:: Records for the task

lemma teichmuller_one: "n \<ge> 1 \<Longrightarrow> teichmuller n 1 = 1"
  using teichmuller_unique[of n 1] by (simp add: red.one)

end

locale witt_frobenius = strict_p_ring p red
  for p and red :: "'w::comm_ring_1 \<Rightarrow> 'k::field" +
  fixes \<sigma> :: "'w \<Rightarrow> 'w"
  assumes alg_closed: "alg_closed_field TYPE('k)"
    and frobenius: "is_witt_frobenius p red \<sigma>"
begin

sublocale sigma: ring_homomorphism \<sigma>
  using frobenius by unfold_locales (simp_all add: is_witt_frobenius_def)

lemma red_sigma: "red (\<sigma> x) = red x ^ p"
  using frobenius by (simp add: is_witt_frobenius_def)

lemma sigma_inj: "inj \<sigma>"
proof -
  have "\<forall>z. \<sigma> z = 0 \<longrightarrow> of_nat p ^ k dvd z" for k
  proof (induction k)
    case 0
    then show ?case by simp
  next
    case (Suc k)
    show ?case
    proof (intro allI impI)
      fix z
      assume z: "\<sigma> z = 0"
      then have "red z ^ p = 0"
        by (metis red_sigma red.zero)
      then obtain y where y: "z = of_nat p * y"
        using red_eq_0_iff by (auto simp: dvd_def)
      with z have "of_nat p * \<sigma> y = 0"
        by (simp add: sigma.mult sigma.of_nat)
      then have "of_nat p ^ k dvd y"
        using Suc p_no_zero_divisor by blast
      then show "of_nat p ^ Suc k dvd z"
        using y by (simp add: mult_dvd_mono)
    qed
  qed
  then show ?thesis
    by (intro injI) (metis eq_0_if_dvd_all_powers eq_iff_diff_eq_0 sigma.diff)
qed

lemma exists_pth_root: "\<exists>e::'k. e ^ p = c"
proof -
  define q :: "'k poly" where "q = monom 1 p + [:- c:]"
  have "degree q = p"
    unfolding q_def using prime_gt_1_nat[OF prime]
    by (subst degree_add_eq_left) (auto simp: degree_monom_eq)
  then obtain e where "poly q e = 0"
    using alg_closed prime_gt_1_nat[OF prime] unfolding alg_closed_field_def by fastforce
  then show ?thesis
    by (auto simp: q_def poly_monom)
qed

lemma exists_sigma_approximation: "\<exists>x r. z = \<sigma> x + of_nat p * r"
proof -
  obtain e where e: "e ^ p = red z"
    using exists_pth_root by blast
  obtain x where "red x = e"
    using red_surj by (metis surjD)
  then have "red z = red (\<sigma> x)"
    using e by (simp add: red_sigma)
  then obtain r where "z - \<sigma> x = of_nat p * r"
    using red_eq_iff_dvd_diff by (auto simp: dvd_def)
  then show ?thesis
    by (metis diff_eq_eq add.commute)
qed

text \<open>Approximate y by sigma of the p-adic series assembled from the successive
  approximation digits, and pass to the limit.\<close>

lemma sigma_surj: "surj \<sigma>"
  unfolding surj_def
proof
  fix y
  obtain f g where fg: "\<And>z. z = \<sigma> (f z) + of_nat p * g z"
    using exists_sigma_approximation by metis
  define zs where "zs k = (g ^^ k) y" for k
  define ss where "ss k = (\<Sum>i<k. of_nat p ^ i * f (zs i))" for k
  have approx: "y = \<sigma> (ss k) + of_nat p ^ k * zs k" for k
  proof (induction k)
    case 0
    then show ?case by (simp add: ss_def zs_def sigma.zero)
  next
    case (Suc k)
    have "of_nat p ^ k * zs k = of_nat p ^ k * (\<sigma> (f (zs k)) + of_nat p * g (zs k))"
      using fg[of "zs k"] by (rule arg_cong)
    then have "of_nat p ^ k * zs k = of_nat p ^ k * \<sigma> (f (zs k)) + of_nat p ^ Suc k * zs (Suc k)"
      by (simp add: zs_def algebra_simps)
    moreover have "\<sigma> (ss (Suc k)) = \<sigma> (ss k) + of_nat p ^ k * \<sigma> (f (zs k))"
      by (simp add: ss_def sigma.add sigma.mult sigma.power sigma.of_nat)
    ultimately show ?case
      using Suc by (simp add: algebra_simps)
  qed
  have "of_nat p ^ k dvd ss (Suc k) - ss k" for k
    by (simp add: ss_def)
  then obtain l where l: "\<And>k. of_nat p ^ k dvd l - ss k"
    using p_adic_limit_exists by blast
  have "of_nat p ^ k dvd \<sigma> l - y" for k
  proof -
    obtain w where w: "l - ss k = of_nat p ^ k * w"
      using l[of k] by (auto simp: dvd_def)
    have "\<sigma> l - y = \<sigma> (l - ss k) - of_nat p ^ k * zs k"
      using approx[of k] by (simp add: sigma.diff algebra_simps)
    also have "\<dots> = of_nat p ^ k * (\<sigma> w - zs k)"
      using w by (simp add: sigma.mult sigma.power sigma.of_nat algebra_simps)
    finally show ?thesis
      by simp
  qed
  then have "y = \<sigma> l"
    using eq_0_if_dvd_all_powers[of "\<sigma> l - y"] by simp
  then show "\<exists>x. y = \<sigma> x" ..
qed

lemma sigma_bij: "bij \<sigma>"
  using sigma_inj sigma_surj by (rule bijI)

sublocale sigma_inv: ring_homomorphism "inv \<sigma>"
  using sigma_bij by (rule sigma.inv_ring_homomorphism)

lemma inv_sigma_eq_sigma: "\<sigma> (\<sigma> x) = x \<Longrightarrow> inv \<sigma> x = \<sigma> x"
  by (metis sigma_inj inv_f_f)

lemma sigma_teichmuller:
  assumes "n \<ge> 1" and "a ^ p ^ n = a"
  shows "\<sigma> (teichmuller n a) = teichmuller n (a ^ p)"
proof -
  have "\<sigma> (teichmuller n a) ^ p ^ n = \<sigma> (teichmuller n a)"
    using teichmuller_power_fixed[OF assms] by (metis sigma.power)
  with assms(1) have "teichmuller n (red (\<sigma> (teichmuller n a))) = \<sigma> (teichmuller n a)"
    by (rule teichmuller_unique)
  then show ?thesis
    using red_teichmuller[OF assms] by (simp add: red_sigma)
qed

lemma sigma_sigma_teichmuller:
  assumes "a ^ p\<^sup>2 = a"
  shows "\<sigma> (\<sigma> (teichmuller 2 a)) = teichmuller 2 a"
proof -
  have "(a ^ p) ^ p\<^sup>2 = a ^ p"
    using assms by (metis power_mult mult.commute)
  moreover have "(a ^ p) ^ p = a"
    using assms by (simp add: power_mult[symmetric] power2_eq_square)
  ultimately show ?thesis
    using assms by (simp add: sigma_teichmuller)
qed

lemma teichmuller_inverse:
  assumes "a ^ p\<^sup>2 = a" and "a \<noteq> 0"
  shows "teichmuller 2 a * teichmuller 2 (inverse a) = 1"
proof -
  have "inverse a ^ p\<^sup>2 = inverse a"
    using assms(1) by (metis power_inverse)
  then have "teichmuller 2 a * teichmuller 2 (inverse a) = teichmuller 2 (a * inverse a)"
    using assms(1) by (simp add: teichmuller_mult)
  then show ?thesis
    using assms(2) by (simp add: teichmuller_one)
qed

lemma exists_sl2_lift:
  assumes "a ^ p\<^sup>2 = a" and "b ^ p\<^sup>2 = b" and "c ^ p\<^sup>2 = c" and "d ^ p\<^sup>2 = d"
    and "a * d - b * c = 1"
  shows "\<exists>A B C D. \<sigma> (\<sigma> A) = A \<and> \<sigma> (\<sigma> B) = B \<and> \<sigma> (\<sigma> C) = C \<and> \<sigma> (\<sigma> D) = D \<and>
    A * D - B * C = 1 \<and> red A = a \<and> red B = b \<and> red C = c \<and> red D = d"
proof -
  let ?T = "teichmuller 2"
  have T: "\<sigma> (\<sigma> (?T x)) = ?T x" "red (?T x) = x" if "x ^ p\<^sup>2 = x" for x
    using that by (simp_all add: sigma_sigma_teichmuller red_teichmuller)
  have T_inv: "\<sigma> (\<sigma> (?T (inverse x))) = ?T (inverse x)" "red (?T (inverse x)) = inverse x"
    if "x ^ p\<^sup>2 = x" for x
    using that T[of "inverse x"] by (simp_all add: power_inverse)
  show ?thesis
  proof (cases "a = 0")
    case False
    define D where "D = ?T (inverse a) * (1 + ?T b * ?T c)"
    have "red D = inverse a * (1 + b * c)"
      using assms by (simp add: D_def T T_inv red.mult red.add red.one)
    also have "1 + b * c = a * d"
      using assms(5) by (simp add: algebra_simps)
    also have "inverse a * (a * d) = d"
      using False by simp
    finally have "red D = d" .
    moreover have "\<sigma> (\<sigma> D) = D"
      unfolding D_def using assms by (simp add: T T_inv sigma.mult sigma.add sigma.one)
    moreover have "?T a * D = (?T a * ?T (inverse a)) * (1 + ?T b * ?T c)"
      by (simp add: D_def mult.assoc)
    then have "?T a * D - ?T b * ?T c = 1"
      using teichmuller_inverse[OF assms(1) False] by simp
    ultimately show ?thesis
      using assms T by blast
  next
    case True
    with assms(5) have "b \<noteq> 0"
      by auto
    define C where "C = ?T (inverse b) * (?T a * ?T d - 1)"
    have "red C = inverse b * (a * d - 1)"
      using assms by (simp add: C_def T T_inv red.mult red.diff red.one)
    also have "a * d - 1 = b * c"
      using assms(5) by (simp add: algebra_simps)
    also have "inverse b * (b * c) = c"
      using \<open>b \<noteq> 0\<close> by simp
    finally have "red C = c" .
    moreover have "\<sigma> (\<sigma> C) = C"
      unfolding C_def using assms by (simp add: T T_inv sigma.mult sigma.diff sigma.one)
    moreover have "?T b * C = (?T b * ?T (inverse b)) * (?T a * ?T d - 1)"
      by (simp add: C_def mult.assoc)
    then have "?T a * ?T d - ?T b * C = 1"
      using teichmuller_inverse[OF assms(2) \<open>b \<noteq> 0\<close>] by simp
    ultimately show ?thesis
      using assms T by blast
  qed
qed

end

definition block_mat :: "'w::comm_ring_1 \<Rightarrow> 'w \<Rightarrow> 'w \<Rightarrow> 'w \<Rightarrow> 'w \<Rightarrow> 'w \<Rightarrow> 'w \<Rightarrow> 'w \<Rightarrow> 'w mat4" where
  "block_mat A B C D A' B' C' D' = (\<lambda>i j. case i of
      I1 \<Rightarrow> (case j of I1 \<Rightarrow> A | I3 \<Rightarrow> B | _ \<Rightarrow> 0)
    | I3 \<Rightarrow> (case j of I1 \<Rightarrow> C | I3 \<Rightarrow> D | _ \<Rightarrow> 0)
    | I2 \<Rightarrow> (case j of I2 \<Rightarrow> A' | I4 \<Rightarrow> B' | _ \<Rightarrow> 0)
    | I4 \<Rightarrow> (case j of I2 \<Rightarrow> C' | I4 \<Rightarrow> D' | _ \<Rightarrow> 0))"

lemma mat_mul_block_mat:
  "mat_mul (block_mat A B C D A' B' C' D') (block_mat E F G H E' F' G' H') =
    block_mat (A * E + B * G) (A * F + B * H) (C * E + D * G) (C * F + D * H)
      (A' * E' + B' * G') (A' * F' + B' * H') (C' * E' + D' * G') (C' * F' + D' * H')"
  unfolding mat_mul_def block_mat_def
  by (intro ext) (simp split: idx.split)

lemma mat_id_eq_block_mat: "mat_id = block_mat 1 0 0 1 1 0 0 1"
  unfolding mat_id_def block_mat_def
  by (intro ext) (simp split: idx.split)

lemma block_mat_adjugate:
  assumes "A * D - B * C = 1" and "A' * D' - B' * C' = 1"
  shows "mat_mul (block_mat A B C D A' B' C' D') (block_mat D (- B) (- C) A D' (- B') (- C') A') = mat_id"
    and "mat_mul (block_mat D (- B) (- C) A D' (- B') (- C') A') (block_mat A B C D A' B' C' D') = mat_id"
  using assms by (simp_all add: mat_mul_block_mat mat_id_eq_block_mat algebra_simps)

lemma pairN_block_mat:
  "pairN p (mat_vec (block_mat A B C D A' B' C' D') x) (mat_vec (block_mat A B C D A' B' C' D') y) =
    (A * D - B * C) * (x I1 * y I3 - x I3 * y I1) + of_nat p * ((A' * D' - B' * C') * (x I2 * y I4 - x I4 * y I2))"
  unfolding pairN_def mat_vec_def block_mat_def by (simp add: algebra_simps)

context witt_frobenius
begin

lemma frobF_block_mat:
  assumes "\<sigma> (\<sigma> A) = A" and "\<sigma> (\<sigma> B) = B" and "\<sigma> (\<sigma> C) = C" and "\<sigma> (\<sigma> D) = D"
  shows "mat_vec (block_mat A B C D (\<sigma> A) (\<sigma> B) (\<sigma> C) (\<sigma> D)) (frobF p \<sigma> x) =
    frobF p \<sigma> (mat_vec (block_mat A B C D (\<sigma> A) (\<sigma> B) (\<sigma> C) (\<sigma> D)) x)"
  unfolding mat_vec_def frobF_def block_mat_def
  using assms by (intro ext) (simp split: idx.split add: sigma.add sigma.mult sigma.uminus sigma.of_nat algebra_simps)

lemma verV_block_mat:
  assumes "\<sigma> (\<sigma> A) = A" and "\<sigma> (\<sigma> B) = B" and "\<sigma> (\<sigma> C) = C" and "\<sigma> (\<sigma> D) = D"
  shows "mat_vec (block_mat A B C D (\<sigma> A) (\<sigma> B) (\<sigma> C) (\<sigma> D)) (verV p \<sigma> x) =
    verV p \<sigma> (mat_vec (block_mat A B C D (\<sigma> A) (\<sigma> B) (\<sigma> C) (\<sigma> D)) x)"
  unfolding mat_vec_def verV_def block_mat_def
  using assms by (intro ext)
    (simp split: idx.split add: inv_sigma_eq_sigma sigma_inv.add sigma_inv.mult sigma_inv.uminus
      sigma_inv.of_nat sigma_inv.zero algebra_simps)

lemma block_mat_in_U_grp:
  assumes "\<sigma> (\<sigma> A) = A" and "\<sigma> (\<sigma> B) = B" and "\<sigma> (\<sigma> C) = C" and "\<sigma> (\<sigma> D) = D"
    and "A * D - B * C = 1"
  shows "block_mat A B C D (\<sigma> A) (\<sigma> B) (\<sigma> C) (\<sigma> D) \<in> U_grp p \<sigma>"
proof -
  let ?M = "block_mat A B C D (\<sigma> A) (\<sigma> B) (\<sigma> C) (\<sigma> D)"
  have det_sigma: "\<sigma> A * \<sigma> D - \<sigma> B * \<sigma> C = 1"
    using assms(5) by (metis sigma.diff sigma.mult sigma.one)
  have "\<exists>M'. mat_mul ?M M' = mat_id \<and> mat_mul M' ?M = mat_id"
    using block_mat_adjugate[OF assms(5) det_sigma] by blast
  moreover have "pairN p (mat_vec ?M x) (mat_vec ?M y) = pairN p x y" for x y
    unfolding pairN_block_mat assms(5) det_sigma by (simp add: pairN_def)
  ultimately show ?thesis
    unfolding U_grp_def using frobF_block_mat[OF assms(1-4)] verV_block_mat[OF assms(1-4)] by blast
qed

lemma pi_has_matrix_block_mat:
  assumes "\<sigma> (\<sigma> A) = A" and "\<sigma> (\<sigma> B) = B" and "\<sigma> (\<sigma> C) = C" and "\<sigma> (\<sigma> D) = D"
  shows "pi_has_matrix p \<sigma> red (block_mat A B C D (\<sigma> A) (\<sigma> B) (\<sigma> C) (\<sigma> D))
    (red A) (red B) (red C) (red D)"
proof -
  let ?M = "block_mat A B C D (\<sigma> A) (\<sigma> B) (\<sigma> C) (\<sigma> D)"
  define col1 where "col1 = mat_vec ?M (basis_vec I1)"
  define col3 where "col3 = mat_vec ?M (basis_vec I3)"
  have "(\<lambda>_. 0) \<in> Ntilde p \<sigma>"
    unfolding Ntilde_def frobF_def by (auto split: idx.split simp: sigma.zero)
  moreover have "(\<lambda>_. 0) = verV p \<sigma> (\<lambda>_. 0)"
    unfolding verV_def by (auto split: idx.split simp: sigma_inv.zero)
  ultimately have zero_in_VNtilde: "vsub y y \<in> VNtilde p \<sigma>" for y
    unfolding VNtilde_def vsub_def by auto
  have "col1 \<in> Ntilde p \<sigma>" and "col3 \<in> Ntilde p \<sigma>"
    unfolding col1_def col3_def Ntilde_def frobF_def mat_vec_def block_mat_def basis_vec_def
    using assms by (auto split: idx.split simp: sigma.zero)
  moreover have "red (col1 I1) = red A" "red (col1 I3) = red C"
    "red (col3 I1) = red B" "red (col3 I3) = red D"
    by (simp_all add: col1_def col3_def mat_vec_def block_mat_def basis_vec_def)
  ultimately show ?thesis
    unfolding pi_has_matrix_def col1_def[symmetric] col3_def[symmetric] using zero_in_VNtilde by blast
qed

::::

## Exercise requirements:
Some lines of the records above may hold the word "lambda". Report how many, and nothing else.

## Worked solution:
3